---------- RECORDS FOR THE TASK ----------
(* Let $\Theta$ be a parameter set, let $B(p,\theta)$ and $L(p,\theta)$ be real-valued functions of a distribution $p$ and a parameter $\theta\in\Theta$, and for each $p$ let $\theta^*(p)\in\arg\min_{\theta\in\Theta}B(p,\theta)$. For $\rho_1,\rho_2\ge 0$ and $\eta\in[0,1)$ define $$\mathcal{G}_{\downarrow}(\rho_1,\eta)=\Big\{p:\ \sup_{r\le \frac{p}{1-\eta}} B(r,\theta^*(p))\le\rho_1\Big\},$$ $$\mathcal{G}_{\uparrow}(\rho_1,\rho_2,\eta)=\Big\{p:\ \text{for all }\theta\in\Theta \text{ and all } r\le\tfrac{p}{1-\eta},\ \big(B(r,\theta)\le\rho_1\Rightarrow L(p,\theta)\le\rho_2\big)\Big\},$$ and $\mathcal{G}^{\mathsf{TV}}(\rho_1,\rho_2,\eta)=\mathcal{G}_{\downarrow}(\rho_1,\eta)\cap\mathcal{G}_{\uparrow}(\rho_1,\rho_2,\eta)$. If $2\epsilon\le\eta<1$, then $$\sup_{p_1,p_2\in\mathcal{G}^{\mathsf{TV}}(\rho_1,\rho_2,\eta):\ \mathsf{TV}(p_1,p_2)\le 2\epsilon} L(p_1,\theta^*(p_2))\le\rho_2 .$$
   Context: For distributions $r,p$ and $\eta\in[0,1)$, $r\le \frac{p}{1-\eta}$ means $r$ is a probability distribution with $r(A)\le p(A)/(1-\eta)$ for all measurable $A$. $\mathsf{TV}(p,q)=\sup_A|p(A)-q(A)|$. The left-hand side of the conclusion is called the modulus of continuity of $\mathcal{G}^{\mathsf{TV}}(\rho_1,\rho_2,\eta)$ at level $2\epsilon$ under $\mathsf{TV}$ and loss $L$. *)

theory Defs
  imports "HOL-Probability.Probability"
begin

definition dists :: "'a measure \<Rightarrow> 'a measure set" where
  "dists M = {p. prob_space p \<and> sets p = sets M}"

text \<open>r \<le> p/(1-eta): r is a distribution with r(A) \<le> p(A)/(1-eta) for all measurable A.\<close>
definition dom_by :: "'a measure \<Rightarrow> 'a measure \<Rightarrow> 'a measure \<Rightarrow> real \<Rightarrow> bool" where
  "dom_by M r p \<eta> \<longleftrightarrow> r \<in> dists M \<and>
     (\<forall>A\<in>sets M. measure r A \<le> measure p A / (1 - \<eta>))"

definition TV :: "'a measure \<Rightarrow> 'a measure \<Rightarrow> 'a measure \<Rightarrow> real" where
  "TV M p q = (SUP A\<in>sets M. \<bar>measure p A - measure q A\<bar>)"

definition G_down :: "'a measure \<Rightarrow> ('a measure \<Rightarrow> 'b \<Rightarrow> real) \<Rightarrow> ('a measure \<Rightarrow> 'b)
    \<Rightarrow> real \<Rightarrow> real \<Rightarrow> 'a measure set" where
  "G_down M B \<theta>s \<rho>1 \<eta> =
     {p \<in> dists M. (SUP r\<in>{r. dom_by M r p \<eta>}. ereal (B r (\<theta>s p))) \<le> ereal \<rho>1}"

definition G_up :: "'a measure \<Rightarrow> 'b set \<Rightarrow> ('a measure \<Rightarrow> 'b \<Rightarrow> real) \<Rightarrow> ('a measure \<Rightarrow> 'b \<Rightarrow> real)
    \<Rightarrow> real \<Rightarrow> real \<Rightarrow> real \<Rightarrow> 'a measure set" where
  "G_up M \<Theta> B L \<rho>1 \<rho>2 \<eta> =
     {p \<in> dists M. \<forall>\<theta>\<in>\<Theta>. \<forall>r. dom_by M r p \<eta> \<longrightarrow> B r \<theta> \<le> \<rho>1 \<longrightarrow> L p \<theta> \<le> \<rho>2}"

definition G_TV :: "'a measure \<Rightarrow> 'b set \<Rightarrow> ('a measure \<Rightarrow> 'b \<Rightarrow> real) \<Rightarrow> ('a measure \<Rightarrow> 'b \<Rightarrow> real)
    \<Rightarrow> ('a measure \<Rightarrow> 'b) \<Rightarrow> real \<Rightarrow> real \<Rightarrow> real \<Rightarrow> 'a measure set" where
  "G_TV M \<Theta> B L \<theta>s \<rho>1 \<rho>2 \<eta> = G_down M B \<theta>s \<rho>1 \<eta> \<inter> G_up M \<Theta> B L \<rho>1 \<rho>2 \<eta>"

end

theory Submission
  imports Defs
begin

text \<open>
  Two distributions at total variation distance \<open>\<delta> < 1\<close> share a common part of mass at least
  \<open>1 - \<delta>\<close>: on a Hahn set \<open>Y\<close> where \<open>p\<^sub>2 \<le> p\<^sub>1\<close> take \<open>p\<^sub>2\<close>, off \<open>Y\<close> take \<open>p\<^sub>1\<close>.
  Normalised, this overlap is a distribution \<open>r\<close> with \<open>r \<le> p\<^sub>i/(1 - \<delta>)\<close> for both \<open>i\<close>,
  hence \<open>r \<le> p\<^sub>i/(1 - \<eta>)\<close> once \<open>\<delta> \<le> 2\<epsilon> \<le> \<eta>\<close>. Membership of \<open>p\<^sub>2\<close> in \<open>G\<^sub>\<down>\<close> gives
  \<open>B(r, \<theta>\<^sup>*(p\<^sub>2)) \<le> \<rho>\<^sub>1\<close>, and membership of \<open>p\<^sub>1\<close> in \<open>G\<^sub>\<up>\<close> turns this into
  \<open>L(p\<^sub>1, \<theta>\<^sup>*(p\<^sub>2)) \<le> \<rho>\<^sub>2\<close>. Only \<open>\<theta>\<^sup>*(p) \<in> \<Theta>\<close> is used, not its minimality.
\<close>

definition add_measure :: "'a measure \<Rightarrow> 'a measure \<Rightarrow> 'a measure" where
  "add_measure p q = measure_of (space p) (sets p) (\<lambda>A. emeasure p A + emeasure q A)"

lemma sets_add_measure [simp]: "sets (add_measure p q) = sets p"
  unfolding add_measure_def by (simp add: sets.sigma_sets_eq)

lemma emeasure_add_measure:
  assumes sets_eq: "sets q = sets p" and A: "A \<in> sets p"
  shows "emeasure (add_measure p q) A = emeasure p A + emeasure q A"
  unfolding add_measure_def
proof (rule emeasure_measure_of_sigma[OF sets.sigma_algebra_axioms _ _ A])
  show "positive (sets p) (\<lambda>A. emeasure p A + emeasure q A)"
    by (simp add: positive_def)
  show "countably_additive (sets p) (\<lambda>A. emeasure p A + emeasure q A)"
    unfolding countably_additive_def
  proof (intro allI impI)
    fix F :: "nat \<Rightarrow> 'a set"
    assume F: "range F \<subseteq> sets p" "disjoint_family F"
    have "(\<Sum>i. emeasure p (F i) + emeasure q (F i)) = (\<Sum>i. emeasure p (F i)) + (\<Sum>i. emeasure q (F i))"
      by (rule suminf_add[OF summableI summableI, symmetric])
    also have "\<dots> = emeasure p (\<Union> (range F)) + emeasure q (\<Union> (range F))"
      using F sets_eq by (simp add: suminf_emeasure)
    finally show "(\<Sum>i. emeasure p (F i) + emeasure q (F i)) =
        emeasure p (\<Union> (range F)) + emeasure q (\<Union> (range F))" .
  qed
qed

lemma exists_overlap_measure:
  assumes p: "finite_measure p" and q: "finite_measure q" and sets_eq: "sets q = sets p"
  obtains m Y where "sets m = sets p" and "Y \<in> sets p"
    and "\<And>X. X \<in> sets p \<Longrightarrow> emeasure m X \<le> emeasure p X"
    and "\<And>X. X \<in> sets p \<Longrightarrow> emeasure m X \<le> emeasure q X"
    and "emeasure m (space p) = emeasure q Y + emeasure p (space p - Y)"
proof -
  obtain Y where Y: "Y \<in> sets p"
    and q_le_p: "\<And>X. X \<in> sets p \<Longrightarrow> X \<subseteq> Y \<Longrightarrow> emeasure q X \<le> emeasure p X"
    and p_le_q: "\<And>X. X \<in> sets p \<Longrightarrow> X \<inter> Y = {} \<Longrightarrow> emeasure p X \<le> emeasure q X"
    using finite_unsigned_Hahn_decomposition[OF p q sets_eq] by blast
  define m where "m = add_measure (density q (indicator Y)) (density p (indicator (space p - Y)))"
  have sets_m: "sets m = sets p"
    using sets_eq by (simp add: m_def)
  have m_eq: "emeasure m X = emeasure q (Y \<inter> X) + emeasure p ((space p - Y) \<inter> X)"
    if X: "X \<in> sets p" for X
    using X Y sets_eq by (simp add: m_def emeasure_add_measure emeasure_restricted)
  have split: "emeasure r X = emeasure r (Y \<inter> X) + emeasure r ((space p - Y) \<inter> X)"
    if "sets r = sets p" "X \<in> sets p" for r X
    using that Y sets.sets_into_space[OF that(2)] sets_eq_imp_space_eq[OF that(1)]
    by (subst plus_emeasure) (auto intro!: arg_cong[where f = "emeasure r"])
  show ?thesis
  proof
    fix X assume X: "X \<in> sets p"
    show "emeasure m X \<le> emeasure p X"
      unfolding m_eq[OF X] split[OF refl X] using X Y by (intro add_right_mono q_le_p) auto
    show "emeasure m X \<le> emeasure q X"
      unfolding m_eq[OF X] split[OF sets_eq X] using X Y by (intro add_left_mono p_le_q) auto
  next
    show "emeasure m (space p) = emeasure q Y + emeasure p (space p - Y)"
      using m_eq[OF sets.top] sets.sets_into_space[OF Y] by (simp add: Int_absorb2 Diff_subset)
  qed (use sets_m Y in auto)
qed

lemma prob_space_scale_measure_inverse_total:
  assumes "finite_measure m" and "0 < measure m (space m)"
  shows "prob_space (scale_measure (1 / measure m (space m)) m)"
proof
  interpret finite_measure m by fact
  show "emeasure (scale_measure (1 / measure m (space m)) m) (space (scale_measure (1 / measure m (space m)) m)) = 1"
    using assms(2) by (simp add: space_scale_measure emeasure_eq_measure ennreal_mult[symmetric])
qed

lemma measure_diff_le_TV:
  assumes "p \<in> dists M" and "q \<in> dists M" and "A \<in> sets M"
  shows "measure p A - measure q A \<le> TV M p q"
proof -
  interpret p: prob_space p using assms(1) by (simp add: dists_def)
  interpret q: prob_space q using assms(2) by (simp add: dists_def)
  have "bdd_above ((\<lambda>A. \<bar>measure p A - measure q A\<bar>) ` sets M)"
  proof (rule bdd_aboveI2)
    fix X
    show "\<bar>measure p X - measure q X\<bar> \<le> 1"
      using p.prob_le_1[of X] q.prob_le_1[of X] measure_nonneg[of p X] measure_nonneg[of q X]
      by linarith
  qed
  then show ?thesis
    unfolding TV_def using cSUP_upper[OF assms(3)] by fastforce
qed

lemma dom_by_normalized_minorant:
  assumes m: "finite_measure m" and sets_m: "sets m = sets M"
    and m_le: "\<And>X. X \<in> sets M \<Longrightarrow> measure m X \<le> measure p X"
    and mass: "1 - \<delta> \<le> measure m (space m)" and \<delta>_less: "\<delta> < 1"
  shows "dom_by M (scale_measure (1 / measure m (space m)) m) p \<delta>"
proof -
  define c where "c = measure m (space m)"
  have c_pos: "0 < c"
    using mass \<delta>_less unfolding c_def by linarith
  have "prob_space (scale_measure (1 / c) m)"
    using prob_space_scale_measure_inverse_total[OF m] c_pos unfolding c_def by simp
  moreover have "measure m X / c \<le> measure p X / (1 - \<delta>)" if "X \<in> sets M" for X
    using m_le[OF that] mass \<delta>_less unfolding c_def[symmetric] by (intro frac_le) auto
  ultimately show ?thesis
    using sets_m c_pos unfolding c_def[symmetric] by (simp add: dom_by_def dists_def)
qed

lemma dists_common_dom_by:
  assumes p: "p \<in> dists M" and q: "q \<in> dists M" and TV_less: "TV M p q < 1"
  obtains r where "dom_by M r p (TV M p q)" and "dom_by M r q (TV M p q)"
proof -
  interpret p: prob_space p using p by (simp add: dists_def)
  interpret q: prob_space q using q by (simp add: dists_def)
  have sets_p: "sets p = sets M" and sets_q: "sets q = sets M"
    using p q by (auto simp: dists_def)
  have space_p: "space p = space M"
    using sets_eq_imp_space_eq[OF sets_p] .
  obtain m Y where sets_m: "sets m = sets p" and Y: "Y \<in> sets p"
    and m_le_p: "\<And>X. X \<in> sets p \<Longrightarrow> emeasure m X \<le> emeasure p X"
    and m_le_q: "\<And>X. X \<in> sets p \<Longrightarrow> emeasure m X \<le> emeasure q X"
    and mass: "emeasure m (space p) = emeasure q Y + emeasure p (space p - Y)"
    using exists_overlap_measure[of p q] sets_p sets_q p.finite_measure_axioms q.finite_measure_axioms
    by metis
  have space_m: "space m = space M"
    using sets_eq_imp_space_eq[OF sets_m] space_p by simp
  interpret m: finite_measure m
    using m_le_p[OF sets.top] by (intro finite_measureI) (auto simp: space_m space_p top_unique)
  have measure_le: "measure m X \<le> measure p X" "measure m X \<le> measure q X" if "X \<in> sets M" for X
    using m_le_p[of X] m_le_q[of X] that sets_p
    by (simp_all add: m.emeasure_eq_measure p.emeasure_eq_measure q.emeasure_eq_measure)
  have "measure m (space m) = measure q Y + measure p (space p - Y)"
    using mass unfolding space_m space_p[symmetric]
    by (simp add: m.emeasure_eq_measure p.emeasure_eq_measure q.emeasure_eq_measure
        ennreal_plus[symmetric] del: ennreal_plus)
  also have "measure p (space p - Y) = 1 - measure p Y"
    using p.prob_compl[OF Y] .
  finally have "1 - TV M p q \<le> measure m (space m)"
    using measure_diff_le_TV[OF p q] Y sets_p by fastforce
  then show ?thesis
    using that dom_by_normalized_minorant[OF m.finite_measure_axioms] sets_m sets_p measure_le TV_less
    by metis
qed

lemma dom_by_mono:
  assumes "dom_by M r p \<eta>" and "\<eta> \<le> \<eta>'" and "\<eta>' < 1"
  shows "dom_by M r p \<eta>'"
proof -
  have "measure p A / (1 - \<eta>) \<le> measure p A / (1 - \<eta>')" for A
    using assms(2,3) by (intro divide_left_mono) auto
  with assms(1) show ?thesis
    unfolding dom_by_def by (meson order.trans)
qed

lemma G_down_bound:
  assumes "p \<in> G_down M B \<theta>s \<rho>1 \<eta>" and "dom_by M r p \<eta>"
  shows "B r (\<theta>s p) \<le> \<rho>1"
proof -
  have "ereal (B r (\<theta>s p)) \<le> (SUP r\<in>{r. dom_by M r p \<eta>}. ereal (B r (\<theta>s p)))"
    using assms(2) by (intro SUP_upper) auto
  also have "\<dots> \<le> ereal \<rho>1"
    using assms(1) by (simp add: G_down_def)
  finally show ?thesis by simp
qed

lemma G_TV_common_dom_by_bound:
  assumes p1: "p1 \<in> G_TV M \<Theta> B L \<theta>s \<rho>1 \<rho>2 \<eta>" and p2: "p2 \<in> G_TV M \<Theta> B L \<theta>s \<rho>1 \<rho>2 \<eta>"
    and "\<theta>s p2 \<in> \<Theta>" and "dom_by M r p1 \<eta>" and "dom_by M r p2 \<eta>"
  shows "L p1 (\<theta>s p2) \<le> \<rho>2"
proof -
  have "B r (\<theta>s p2) \<le> \<rho>1"
    using p2 assms(5) by (intro G_down_bound) (auto simp: G_TV_def)
  with p1 assms(3,4) show ?thesis
    by (auto simp: G_TV_def G_up_def)
qed

theorem theorem3p3:
  fixes M :: "'a measure" and \<Theta> :: "'b set"
    and B L :: "'a measure \<Rightarrow> 'b \<Rightarrow> real" and \<theta>s :: "'a measure \<Rightarrow> 'b"
    and \<rho>1 \<rho>2 \<eta> \<epsilon> :: real
  assumes argmin: "\<And>p. p \<in> dists M \<Longrightarrow> \<theta>s p \<in> \<Theta> \<and> (\<forall>\<theta>\<in>\<Theta>. B p (\<theta>s p) \<le> B p \<theta>)"
    and "\<rho>1 \<ge> 0" and "\<rho>2 \<ge> 0" and "0 \<le> \<eta>"
    and "2 * \<epsilon> \<le> \<eta>" and "\<eta> < 1"
  shows "(SUP pp\<in>{(p1, p2). p1 \<in> G_TV M \<Theta> B L \<theta>s \<rho>1 \<rho>2 \<eta> \<and> p2 \<in> G_TV M \<Theta> B L \<theta>s \<rho>1 \<rho>2 \<eta>
              \<and> TV M p1 p2 \<le> 2 * \<epsilon>}. ereal (L (fst pp) (\<theta>s (snd pp)))) \<le> ereal \<rho>2"
proof (rule SUP_least, clarsimp)
  fix p1 p2
  assume G1: "p1 \<in> G_TV M \<Theta> B L \<theta>s \<rho>1 \<rho>2 \<eta>" and G2: "p2 \<in> G_TV M \<Theta> B L \<theta>s \<rho>1 \<rho>2 \<eta>"
    and TV_le: "TV M p1 p2 \<le> 2 * \<epsilon>"
  have p1: "p1 \<in> dists M" and p2: "p2 \<in> dists M"
    using G1 G2 by (auto simp: G_TV_def G_up_def)
  have TV_le_\<eta>: "TV M p1 p2 \<le> \<eta>"
    using TV_le assms(5) by linarith
  obtain r where "dom_by M r p1 (TV M p1 p2)" and "dom_by M r p2 (TV M p1 p2)"
    using dists_common_dom_by[OF p1 p2] TV_le_\<eta> \<open>\<eta> < 1\<close> by force
  then have "dom_by M r p1 \<eta>" and "dom_by M r p2 \<eta>"
    using TV_le_\<eta> \<open>\<eta> < 1\<close> by (auto intro: dom_by_mono)
  then show "L p1 (\<theta>s p2) \<le> \<rho>2"
    using G_TV_common_dom_by_bound[OF G1 G2] argmin[OF p2] by blast
qed

end
text \<open>Cycles, given as lists of distinct vertices of length at least 3;
  a cycle (as a subgraph) is identified by its edge set.\<close>
definition is_cycle :: "'a graph \<Rightarrow> 'a list \<Rightarrow> bool" where
  "is_cycle G xs \<longleftrightarrow> length xs \<ge> 3 \<and> distinct xs \<and> set xs \<subseteq> verts G \<and>
     (\<forall>i < length xs. adj G (xs ! i) (xs ! ((i + 1) mod length xs)))"

definition cycle_edges :: "'a list \<Rightarrow> 'a set set" where
  "cycle_edges xs = {{xs ! i, xs ! ((i + 1) mod length xs)} | i. i < length xs}"

definition pseudoforest :: "'a graph \<Rightarrow> bool" where
  "pseudoforest G \<longleftrightarrow> (\<forall>C. component G C \<longrightarrow>
     (\<forall>xs ys. is_cycle G xs \<and> is_cycle G ys \<and> set xs \<subseteq> C \<and> set ys \<subseteq> C
        \<longrightarrow> cycle_edges xs = cycle_edges ys))"

definition anchor_triangle :: "'a graph \<Rightarrow> 'a set \<Rightarrow> 'a set \<Rightarrow> bool" where
  "anchor_triangle G X P \<longleftrightarrow> component (delete G X) P \<and>
     (\<exists>p1 p2 p3 x1 x2 x3. P = {p1, p2, p3} \<and> p1 \<noteq> p2 \<and> p1 \<noteq> p3 \<and> p2 \<noteq> p3 \<and>
        x1 \<in> X \<and> x2 \<in> X \<and> x3 \<in> X \<and>
        nbhd G {p1} = {p2, p3, x1} \<and> nbhd G {p2} = {p1, p3, x2} \<and> nbhd G {p3} = {p1, p2, x3})"

definition add_triangle :: "'a graph \<Rightarrow> 'a \<Rightarrow> 'a \<Rightarrow> 'a \<Rightarrow> 'a \<Rightarrow> 'a \<Rightarrow> 'a \<Rightarrow> 'a graph" where
  "add_triangle G u v w pu pv pw =
     (verts G \<union> {pu, pv, pw},
      edges G \<union> {{pu, pv}, {pu, pw}, {pv, pw}, {pu, u}, {pv, v}, {pw, w}})"

end

theory Submission
  imports Defs
begin

text \<open>An independent set of \<open>G\<close> missing one of \<open>u, v, w\<close> grows by the
  corresponding new vertex. If it contains all three, its part outside \<open>X\<close> is
  independent in \<open>F - N(u,v,w)\<close>, so its size is at most
  \<open>\<alpha>(F - N(u,v,w)) + |X| \<le> \<alpha>(F)\<close> by the conflict bound; a maximum independent
  set of \<open>F\<close> avoids \<open>X\<close> and can be extended by \<open>pu\<close> instead. Conversely, an
  independent set of \<open>G'\<close> meets the triangle \<open>pu pv pw\<close> in at most one vertex.\<close>

lemma finite_indep_cards:
  assumes "finite (verts H)"
  shows "finite {card I | I. indep H I}"
proof (rule finite_subset)
  show "{card I | I. indep H I} \<subseteq> {..card (verts H)}"
    using assms by (auto simp: indep_def intro: card_mono)
qed simp

lemma card_le_alpha:
  assumes "finite (verts H)" "indep H I"
  shows "card I \<le> alpha H"
  unfolding alpha_def using assms by (intro Max_ge[OF finite_indep_cards]) blast+

lemma ex_indep_card_alpha:
  assumes "finite (verts H)"
  obtains J where "indep H J" "card J = alpha H"
proof -
  have "indep H {}" by (simp add: indep_def)
  then have "{card I | I. indep H I} \<noteq> {}" by auto
  then have "alpha H \<in> {card I | I. indep H I}"
    unfolding alpha_def by (rule Max_in[OF finite_indep_cards[OF assms]])
  then obtain J where "indep H J" "card J = alpha H" by auto
  then show thesis by (rule that)
qed

lemma verts_delete: "verts (delete G S) = verts G - S"
  by (auto simp: delete_def induced_def verts_def)

lemma adj_delete_iff: "adj (delete G S) x y \<longleftrightarrow> adj G x y \<and> x \<in> verts G - S \<and> y \<in> verts G - S"
  by (auto simp: delete_def induced_def adj_def edges_def verts_def)

lemma indep_delete_iff: "indep (delete G S) I \<longleftrightarrow> indep G I \<and> I \<inter> S = {}"
  by (auto simp: indep_def verts_delete adj_delete_iff)

lemma indep_diff: "indep G I \<Longrightarrow> indep G (I - A)"
  by (auto simp: indep_def)

lemma indep_delete_nbhd:
  assumes "indep G I" "S \<subseteq> I"
  shows "indep (delete (delete G X) (nbhd G S)) (I - X)"
proof -
  have "(I - X) \<inter> nbhd G S = {}"
    using assms by (auto simp: nbhd_def indep_def)
  then show ?thesis
    using indep_diff[OF assms(1)] by (auto simp: indep_delete_iff)
qed

lemma card_le_card_diff_plus_card_Int: "card I \<le> card (I - A) + card (I \<inter> A)"
proof -
  have "card I = card ((I - A) \<union> (I \<inter> A))" by (simp add: Un_Diff_Int)
  also have "\<dots> \<le> card (I - A) + card (I \<inter> A)" by (rule card_Un_le)
  finally show ?thesis .
qed

lemma card_le_alpha_delete_if_conf_ge:
  assumes "finite (verts G)" "finite X"
    and "indep G I" "S \<subseteq> I"
    and "conf G (delete G X) S \<ge> int (card X)"
  shows "card I \<le> alpha (delete G X)"
proof -
  let ?F' = "delete (delete G X) (nbhd G S)"
  have "card (I - X) \<le> alpha ?F'"
    using assms(1) by (intro card_le_alpha indep_delete_nbhd[OF assms(3,4)]) (simp add: verts_delete)
  moreover have "card (I \<inter> X) \<le> card X"
    using assms(2) by (simp add: card_mono)
  moreover have "card I \<le> card (I - X) + card (I \<inter> X)"
    by (rule card_le_card_diff_plus_card_Int)
  ultimately show ?thesis
    using assms(5) by (simp add: conf_def)
qed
----------
▶ TASK INSTRUCTIONS
Quote the data above from the line containing "proof (rule emeasure_measure_of_sigma[OF" to the line containing "unfolding countably_additive_def", inclusive, and stop.

▶ TASK ANSWER
proof (rule emeasure_measure_of_sigma[OF sets.sigma_algebra_axioms _ _ A])
  show "positive (sets p) (\<lambda>A. emeasure p A + emeasure q A)"
    by (simp add: positive_def)
  show "countably_additive (sets p) (\<lambda>A. emeasure p A + emeasure q A)"
    unfolding countably_additive_def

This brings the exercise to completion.